1. The admission of testimony as to statements made by the defendant’s wife some five or ten minutes before the shooting and not in the presence or hearing of the accused, under the facts of this case, was error.
2. The excerpt from the charge of the court of which complaint is made in the 5th ground of the amendment to the motion for a new trial is not subject to the exception that it expressed an opinion upon the evi- . dence, or that it was not adjusted to evidence which might have authorized the jury to find that the accused was the slayer of the deceased, nor was it for any other reason assigned erroneous; though an appropriate request would have required an instruction on the mutual right of father and son to defend each other.
3. The instruction of which complaint is made in the 6th ground of the amendment to the motion for a new trial is subject to the objection that it intimated an opinion as to what had been proved.

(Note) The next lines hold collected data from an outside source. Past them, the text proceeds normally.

lemma borel_measurable_down:
  assumes "\<And>i. i < d K \<Longrightarrow> (\<lambda>\<omega>. X \<omega> i) \<in> borel_measurable M"
  shows "i < d (K - m) \<Longrightarrow> (\<lambda>\<omega>. down bs d K m (X \<omega>) i) \<in> borel_measurable M"
  by (induction m arbitrary: i) (simp_all add: assms borel_measurable_Dop)

lemma borel_measurable_level:
  assumes "\<And>i. i < d K \<Longrightarrow> (\<lambda>\<omega>. X \<omega> i) \<in> borel_measurable M"
    and "k \<le> K" "i < d k"
  shows "(\<lambda>\<omega>. level bs d K k (X \<omega>) i) \<in> borel_measurable M"
  unfolding level_def using assms by (intro borel_measurable_down) simp_all

lemma borel_measurable_sqnorm:
  assumes "\<And>i. i < n \<Longrightarrow> (\<lambda>\<omega>. v \<omega> i) \<in> borel_measurable M"
  shows "(\<lambda>\<omega>. sqnorm n (v \<omega>)) \<in> borel_measurable M"
  unfolding sqnorm_def using assms by (intro borel_measurable_sum borel_measurable_power) auto

lemma LA_eq:
  assumes "prob_space M" "\<sigma> > 0" "integrable M (\<lambda>\<omega>. sqnorm n (X \<omega>))"
  shows "LA M X n \<sigma> = (\<integral>\<omega>. sqnorm n (X \<omega>) \<partial>M) + n * \<sigma>^2"
proof -
  interpret prob_space M by fact
  have "LA M X n \<sigma> = (\<integral>\<omega>. sqnorm n (X \<omega>) + n * \<sigma>^2 \<partial>M)"
    unfolding LA_def using integral_sqnorm_gauss[OF assms(2), of n _ 1] by simp
  then show ?thesis
    using assms(3) by (simp add: prob_space)
qed

lemma L1_eq_LA: "L1 M bs d K X \<sigma> = LA M (\<lambda>\<omega>. level bs d K 1 (X \<omega>)) (d 1) \<sigma>"
  by (simp add: L1_def LA_def)

locale cascade =
  fixes M :: "'a measure" and bs :: "nat \<Rightarrow> nat \<Rightarrow> nat" and d :: "nat \<Rightarrow> nat" and K :: nat
    and X :: "'a \<Rightarrow> nat \<Rightarrow> real"
  assumes prob: "prob_space M"
    and partition: "\<And>k. 2 \<le> k \<Longrightarrow> k \<le> K \<Longrightarrow> pair_partition (bs k) (d k) (d (k - 1))"
    and measurable_X: "\<And>i. i < d K \<Longrightarrow> (\<lambda>\<omega>. X \<omega> i) \<in> borel_measurable M"
    and square_integrable_X: "\<And>i. i < d K \<Longrightarrow> integrable M (\<lambda>\<omega>. (X \<omega> i)^2)"
begin

definition moment :: "nat \<Rightarrow> real"
  where "moment k = (\<integral>\<omega>. sqnorm (d k) (level bs d K k (X \<omega>)) \<partial>M)"

lemma moment_nonneg: "0 \<le> moment k"
  unfolding moment_def by (intro integral_nonneg_AE) (simp add: sqnorm_nonneg)

lemma integrable_sqnorm_level:
  assumes "1 \<le> k" "k \<le> K"
  shows "integrable M (\<lambda>\<omega>. sqnorm (d k) (level bs d K k (X \<omega>)))"
  using \<open>k \<le> K\<close>
proof (induction k rule: inc_induct)
  case base
  show ?case
    unfolding sqnorm_def using square_integrable_X by (intro Bochner_Integration.integrable_sum) simp
next
  case (step n)
  show ?case
  proof (rule Bochner_Integration.integrable_bound[OF step.IH])
    show "(\<lambda>\<omega>. sqnorm (d n) (level bs d K n (X \<omega>))) \<in> borel_measurable M"
      using step measurable_X by (intro borel_measurable_sqnorm borel_measurable_level) simp_all
    have "sqnorm (d n) (level bs d K n y) \<le> sqnorm (d (Suc n)) (level bs d K (Suc n) y)" for y
    proof -
      have "2 * sqnorm (d n) (level bs d K n y) \<le> sqnorm (d (Suc n)) (level bs d K (Suc n) y)"
        using sqnorm_Dop_le[OF partition[of "Suc n"]] level_pred[of "Suc n" K] step \<open>1 \<le> k\<close>
        by simp
      then show ?thesis
        using sqnorm_nonneg[of "d n" "level bs d K n y"] by linarith
    qed
    then show "AE \<omega> in M. norm (sqnorm (d n) (level bs d K n (X \<omega>)))
        \<le> norm (sqnorm (d (Suc n)) (level bs d K (Suc n) (X \<omega>)))"
      by (simp add: sqnorm_nonneg)
  qed
qed

lemma LA_eq_moment:
  fixes \<sigma> :: real
  shows "\<sigma> > 0 \<Longrightarrow> 1 \<le> K \<Longrightarrow> LA M X (d K) \<sigma> = moment K + d K * \<sigma>^2"
  using LA_eq[OF prob, of \<sigma> "d K" X] integrable_sqnorm_level[of K] by (simp add: moment_def)

lemma Lcasc_1_eq:
  fixes sig :: "nat \<Rightarrow> real" and \<sigma> :: real
  shows "\<sigma> > 0 \<Longrightarrow> 1 \<le> K \<Longrightarrow> Lcasc M bs d K X sig \<sigma> 1 = moment 1 + d 1 * \<sigma>^2"
  using LA_eq[OF prob] integrable_sqnorm_level[of 1]
  by (simp add: Lcasc_def L1_eq_LA moment_def)

lemma Lcasc_eq:
  fixes sig :: "nat \<Rightarrow> real" and \<sigma> :: real
  assumes "2 \<le> k" "k \<le> K"
  shows "Lcasc M bs d K X sig \<sigma> k = moment k - 2 * moment (k - 1) + d k * (sig k)^2"
proof -
  interpret prob_space M by (fact prob)
  let ?y = "\<lambda>\<omega>. level bs d K k (X \<omega>)"
  have residual: "(\<integral>\<zeta>. sqnorm (d k) (\<lambda>i. y i - (Uop (bs k) (Dop (bs k) (d k) y) i + sig k * \<zeta> i))
        \<partial>gauss (d k) 1)
      = sqnorm (d k) y - 2 * sqnorm (d (k - 1)) (Dop (bs k) (d k) y) + d k * (sig k)^2" for y
    using integral_sqnorm_gauss[of 1 "d k" "\<lambda>i. y i - Uop (bs k) (Dop (bs k) (d k) y) i" "sig k"]
      sqnorm_diff_Uop_Dop[OF partition[OF assms]]
    by (simp add: algebra_simps)
  have pred: "level bs d K (k - 1) y = Dop (bs k) (d k) (level bs d K k y)" for y
    using assms by (intro level_pred) simp_all
  have "Lcasc M bs d K X sig \<sigma> k = (\<integral>\<omega>. sqnorm (d k) (?y \<omega>)
      - 2 * sqnorm (d (k - 1)) (level bs d K (k - 1) (X \<omega>)) + d k * (sig k)^2 \<partial>M)"
    unfolding pred using assms by (simp add: Lcasc_def Lk_def residual)
  then show ?thesis
    using assms integrable_sqnorm_level[of k] integrable_sqnorm_level[of "k - 1"]
    by (simp add: moment_def prob_space)
qed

It should have contained the qualification: “if the jury believe a shot fired by the defendant inflicted the mortal wound,” or language to that effect.
4. The instruction of which complaint is made in the 9th ground is erroneous for the reason that the defendant would not have been guilty if the evidence had shown that he merely aided and abetted some other than his codefendant named in the indictment, and the instruction that the accused would be guilty if he aided and abetted in the killing of the deceased should have been confined to the aiding and abetting of Ered Brown, his codefendant.
5. Except as ruled above, the .charge of the court was not erroneous for any reason set forth in assignments of error.
6. The verdict of manslaughter was not authorized by the evidence or by the statement of the accused; and the court therefore erred in charging upon that subject. Judgment reversed.